(* In the Standing Setup with $R=-v(X-w)$ ($v,w\in\mathbb F$), for every $h\in\mathbb Z$: $$d_{h-1}d_h^2d_{h+1}^2d_{h+2}=v^2\bigl(w_h-wv_h+w^2\bigr).$$
   Context: Standing Setup. $\mathbb F$ is a field of characteristic not $2$ or $3$; $f,g\in\mathbb F$; $A=X^3+fX+g\in\mathbb F[X]$; $R\in\mathbb F[X]$ is a polynomial of degree at most $2$; $D=A^2+4R$; $Y$ satisfies $Y^2=D(X)$, $Z=\tfrac12(Y+A)$ and $\overline Z=\tfrac12(-Y+A)$, so $Z+\overline Z=A$ and $Z\overline Z=-R$. We are given sequences $(u_h),(v_h),(w_h),(d_h),(e_h)$ of elements of $\mathbb F$ indexed by $h\in\mathbb Z$, with all $u_h\neq0$, such that for every $h\in\mathbb Z$ the following two identities hold in $\mathbb F[X]$: (i) $A+d_h(X+e_h)+d_{h+1}(X+e_{h+1})=(X+v_h)(X^2-v_hX+w_h)$; (ii) $-u_hu_{h+1}(X^2-v_hX+w_h)(X^2-v_{h+1}X+w_{h+1})=d_{h+1}^2(X+e_{h+1})^2+d_{h+1}(X+e_{h+1})A-R$. (These say that $Z_h=\bigl(Z+d_h(X+e_h)\bigr)/\bigl(u_h(X^2-v_hX+w_h)\bigr)$ are consecutive complete quotients of a continued fraction expansion with partial quotients $(X+v_h)/u_h$.) *)

theory Defs
  imports "HOL-Computational_Algebra.Polynomial"
begin

definition cubicA :: "'a::field \<Rightarrow> 'a \<Rightarrow> 'a poly" where
  "cubicA f g = [:g, f, 0, 1:]"

end

theory Submission
  imports Defs
begin

text \<open>
  Write P_h = X + e_h and Q_h = X^2 - v_h X + w_h. The X^4-coefficient of (ii) gives
  d_(h+1) = -u_h u_(h+1) \<noteq> 0. Eliminating A from (ii) by means of (i) leaves
  d_(h+1) Q_h (Q_(h+1) - (X + v_h) P_(h+1)) = -d_h d_(h+1) P_h P_(h+1) - R,
  whose right-hand side has degree at most 2. Hence the cofactor of Q_h is the constant -d_h,
  so Q_(h+1) = (X + v_h) P_(h+1) - d_h and d_h d_(h+1) (P_h P_(h+1) - Q_h) = -R = v (X - w).
  Evaluating the last identity at X = -e_h, where Q_h = -d_(h-1), gives
  d_(h-1) d_h d_(h+1) = -v (w + e_h); evaluating it at the root X = w of R gives
  Q_h(w) = (w + e_h)(w + e_(h+1)). Multiplying the triple products at h and h + 1 proves the
  theorem.
\<close>

lemma norm_relation_leading_coeff:
  fixes A R :: "'a::field poly"
  assumes norm_rel: "- smult N ([:c, - b, 1:] * [:c', - b', 1:])
                     = smult (d\<^sup>2) ([:e, 1:]\<^sup>2) + smult d [:e, 1:] * A - R"
    and deg_A: "degree A = 3" and monic_A: "lead_coeff A = 1" and deg_R: "degree R \<le> 3"
  shows "d = - N"
proof -
  have "coeff A 4 = 0" "coeff R 4 = 0"
    using deg_A deg_R by (simp_all add: coeff_eq_0)
  moreover have "coeff A 3 = 1"
    using deg_A monic_A by simp
  moreover have "coeff (- smult N ([:c, - b, 1:] * [:c', - b', 1:])) 4
               = coeff (smult (d\<^sup>2) ([:e, 1:]\<^sup>2) + smult d [:e, 1:] * A - R) 4"
    using norm_rel by simp
  ultimately show ?thesis
    by (simp add: power2_eq_square numeral_eq_Suc)
qed

lemma consecutive_quotient_relations:
  fixes A R :: "'a::field poly"
  assumes rel_i: "A + smult d [:e, 1:] + smult d' [:e', 1:] = [:b, 1:] * [:c, - b, 1:]"
    and rel_ii: "smult d' ([:c, - b, 1:] * [:c', - b', 1:])
                 = smult (d'\<^sup>2) ([:e', 1:]\<^sup>2) + smult d' [:e', 1:] * A - R"
    and d'_nz: "d' \<noteq> 0" and deg_R: "degree R \<le> 1"
  shows "[:c', - b', 1:] = [:e', 1:] * [:b, 1:] - [:d:]"
    and "smult (d * d') ([:e, 1:] * [:e', 1:] - [:c, - b, 1:]) = - R"
proof -
  define P P' a Q Q' where "P = [:e, 1:]" and "P' = [:e', 1:]" and "a = [:b, 1:]"
    and "Q = [:c, - b, 1:]" and "Q' = [:c', - b', 1:]"
  define L where "L = Q' - P' * a"
  have A_eq: "A - a * Q = - smult d P - smult d' P'"
    unfolding P_def P'_def a_def Q_def rel_i[symmetric] by simp
  have "smult d' (Q * L) = smult d' (Q * Q') - smult d' P' * (a * Q)"
    by (simp add: L_def algebra_simps smult_diff_right)
  also have "\<dots> = smult d' P' * (A - a * Q) + smult (d'\<^sup>2) (P'\<^sup>2) - R"
    using rel_ii unfolding P_def P'_def a_def Q_def Q'_def by (simp add: algebra_simps)
  also have "\<dots> = - smult (d * d') (P * P') - R"
    unfolding A_eq by (simp add: algebra_simps power2_eq_square)
  finally have eliminated: "smult d' (Q * L) = - smult (d * d') (P * P') - R" .
  have "degree (- smult (d * d') (P * P') - R) \<le> 2"
    using deg_R degree_mult_le[of P P'] unfolding P_def P'_def
    by (intro degree_diff_le) auto
  then have "degree (Q * L) \<le> 2"
    using eliminated d'_nz by (metis degree_smult_eq)
  \<comment> \<open>the quadratic \<open>Q\<close> divides a polynomial of degree at most 2, so the cofactor is constant\<close>
  then have "degree L = 0"
    using degree_mult_eq[of Q L] by (cases "L = 0") (auto simp: Q_def)
  then have L_const: "L = [:coeff L 0:]"
    by (rule degree_0_id[symmetric])
  have "coeff (smult d' (Q * L)) 2 = coeff (- smult (d * d') (P * P') - R) 2"
    using eliminated by simp
  then have "d' * coeff L 0 = d' * - d"
    using deg_R by (subst (asm) L_const) (simp add: P_def P'_def Q_def coeff_eq_0 numeral_eq_Suc)
  then have "coeff L 0 = - d"
    using d'_nz by (metis mult_left_cancel)
  then have L_eq: "L = [:- d:]"
    using L_const by metis
  then show "[:c', - b', 1:] = [:e', 1:] * [:b, 1:] - [:d:]"
    unfolding L_def P'_def a_def Q'_def by (simp add: algebra_simps)
  have "smult (d * d') (P * P' - Q) = smult (d * d') (P * P') + smult d' (Q * L)"
    unfolding L_eq by (simp add: smult_diff_right algebra_simps)
  also have "\<dots> = - R"
    unfolding eliminated by simp
  finally show "smult (d * d') ([:e, 1:] * [:e', 1:] - [:c, - b, 1:]) = - R"
    unfolding P_def P'_def Q_def .
qed

lemma degree_cubicA: "degree (cubicA f g) = 3"
  and lead_coeff_cubicA: "lead_coeff (cubicA f g) = 1"
  by (simp_all add: cubicA_def)

lemma quotient_sequence_relations:
  fixes A R :: "'a::field poly" and u b c d e :: "int \<Rightarrow> 'a"
  assumes deg_A: "degree A = 3" and monic_A: "lead_coeff A = 1" and deg_R: "degree R \<le> 1"
    and u_nz: "\<And>h. u h \<noteq> 0"
    and rel_i: "\<And>h. A + smult (d h) [:e h, 1:] + smult (d (h + 1)) [:e (h + 1), 1:]
                  = [:b h, 1:] * [:c h, - b h, 1:]"
    and rel_ii: "\<And>h. - smult (u h * u (h + 1)) ([:c h, - b h, 1:] * [:c (h + 1), - b (h + 1), 1:])
                  = smult ((d (h + 1))\<^sup>2) ([:e (h + 1), 1:]\<^sup>2) + smult (d (h + 1)) [:e (h + 1), 1:] * A - R"
  shows "d k \<noteq> 0"
    and "[:c (k + 1), - b (k + 1), 1:] = [:e (k + 1), 1:] * [:b k, 1:] - [:d k:]"
    and "smult (d k * d (k + 1)) ([:e k, 1:] * [:e (k + 1), 1:] - [:c k, - b k, 1:]) = - R"
proof -
  have d_succ: "d (h + 1) = - (u h * u (h + 1))" for h
    using deg_R by (intro norm_relation_leading_coeff[OF rel_ii deg_A monic_A]) simp
  have d_nz: "d h \<noteq> 0" for h
    using d_succ[of "h - 1"] u_nz by simp
  then show "d k \<noteq> 0" .
  have "smult (d (k + 1)) ([:c k, - b k, 1:] * [:c (k + 1), - b (k + 1), 1:])
      = smult ((d (k + 1))\<^sup>2) ([:e (k + 1), 1:]\<^sup>2) + smult (d (k + 1)) [:e (k + 1), 1:] * A - R"
    using rel_ii[of k] unfolding d_succ by simp
  note relations = consecutive_quotient_relations[OF rel_i this d_nz deg_R]
  show "[:c (k + 1), - b (k + 1), 1:] = [:e (k + 1), 1:] * [:b k, 1:] - [:d k:]"
    by (rule relations(1))
  show "smult (d k * d (k + 1)) ([:e k, 1:] * [:e (k + 1), 1:] - [:c k, - b k, 1:]) = - R"
    by (rule relations(2))
qed

lemma denominator_triple_product:
  fixes R :: "'a::field poly"
  assumes Q_eq: "[:c, - b, 1:] = [:e, 1:] * [:b\<^sub>0, 1:] - [:d\<^sub>0:]"
    and cross: "smult (d * d') ([:e, 1:] * [:e', 1:] - [:c, - b, 1:]) = - R"
  shows "d\<^sub>0 * d * d' = - poly R (- e)"
proof -
  have "poly [:c, - b, 1:] (- e) = - d\<^sub>0"
    using arg_cong[OF Q_eq, of "\<lambda>p. poly p (- e)"] by simp
  then show ?thesis
    using arg_cong[OF cross, of "\<lambda>p. poly p (- e)"] by simp algebra
qed

lemma quotient_value_at_root:
  fixes R :: "'a::field poly"
  assumes cross: "smult (d * d') ([:e, 1:] * [:e', 1:] - [:c, - b, 1:]) = - R"
    and d_nz: "d \<noteq> 0" and d'_nz: "d' \<noteq> 0" and root: "poly R r = 0"
  shows "poly [:c, - b, 1:] r = poly [:e, 1:] r * poly [:e', 1:] r"
proof -
  have "d * d' * (poly [:e, 1:] r * poly [:e', 1:] r - poly [:c, - b, 1:] r) = 0"
    using arg_cong[OF cross, of "\<lambda>p. poly p r"] root
    by (simp only: poly_smult poly_diff poly_mult poly_minus) simp
  then show ?thesis
    using d_nz d'_nz by simp
qed

theorem mainTheorem8:
  fixes f g v w :: "'a::field"
    and u vv ww d e :: "int \<Rightarrow> 'a"
    and R :: "'a poly"
  assumes char2: "(2::'a) \<noteq> 0"
    and char3: "(3::'a) \<noteq> 0"
    and R_def: "R = - smult v ([:0, 1:] - [:w:])"
    and u_nz: "\<And>h. u h \<noteq> 0"
    and rel_i: "\<And>h. cubicA f g + smult (d h) [:e h, 1:] + smult (d (h + 1)) [:e (h + 1), 1:]
                  = [:vv h, 1:] * [:ww h, - vv h, 1:]"
    and rel_ii: "\<And>h. - smult (u h * u (h + 1)) ([:ww h, - vv h, 1:] * [:ww (h + 1), - vv (h + 1), 1:])
                  = smult ((d (h + 1))\<^sup>2) ([:e (h + 1), 1:]\<^sup>2)
                    + smult (d (h + 1)) [:e (h + 1), 1:] * cubicA f g - R"
  shows "d (h - 1) * (d h)\<^sup>2 * (d (h + 1))\<^sup>2 * d (h + 2) = v\<^sup>2 * (ww h - w * vv h + w\<^sup>2)"
proof -
  have "degree R \<le> 1"
    unfolding R_def by (simp add: degree_diff_le)
  note relations = quotient_sequence_relations[where b = vv and c = ww and d = d and e = e,
      OF degree_cubicA lead_coeff_cubicA this u_nz rel_i rel_ii]
  have triple: "d (k - 1) * d k * d (k + 1) = - v * (w + e k)" for k
    using denominator_triple_product[OF relations(2)[of "k - 1", unfolded diff_add_cancel] relations(3)[of k]]
    by (simp add: R_def algebra_simps)
  have Q_at_w: "ww h - w * vv h + w\<^sup>2 = (w + e h) * (w + e (h + 1))"
    using quotient_value_at_root[OF relations(3)[of h] relations(1) relations(1), where r = w]
    by (simp add: R_def algebra_simps power2_eq_square)
  have "d (h - 1) * (d h)\<^sup>2 * (d (h + 1))\<^sup>2 * d (h + 2)
      = (d (h - 1) * d h * d (h + 1)) * (d (h + 1 - 1) * d (h + 1) * d (h + 1 + 1))"
    by (simp add: power2_eq_square algebra_simps)
  also have "\<dots> = v\<^sup>2 * ((w + e h) * (w + e (h + 1)))"
    unfolding triple by (simp add: power2_eq_square algebra_simps)
  finally show ?thesis
    unfolding Q_at_w .
qed

end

#### [Aim of the task]
Using the records above, report each line that contains the word "close" by copying it.

#### [Exercise answer]
\<close>
  \<comment> \<open>the quadratic \<open>Q\<close> divides a polynomial of degree at most 2, so the cofactor is constant\<close>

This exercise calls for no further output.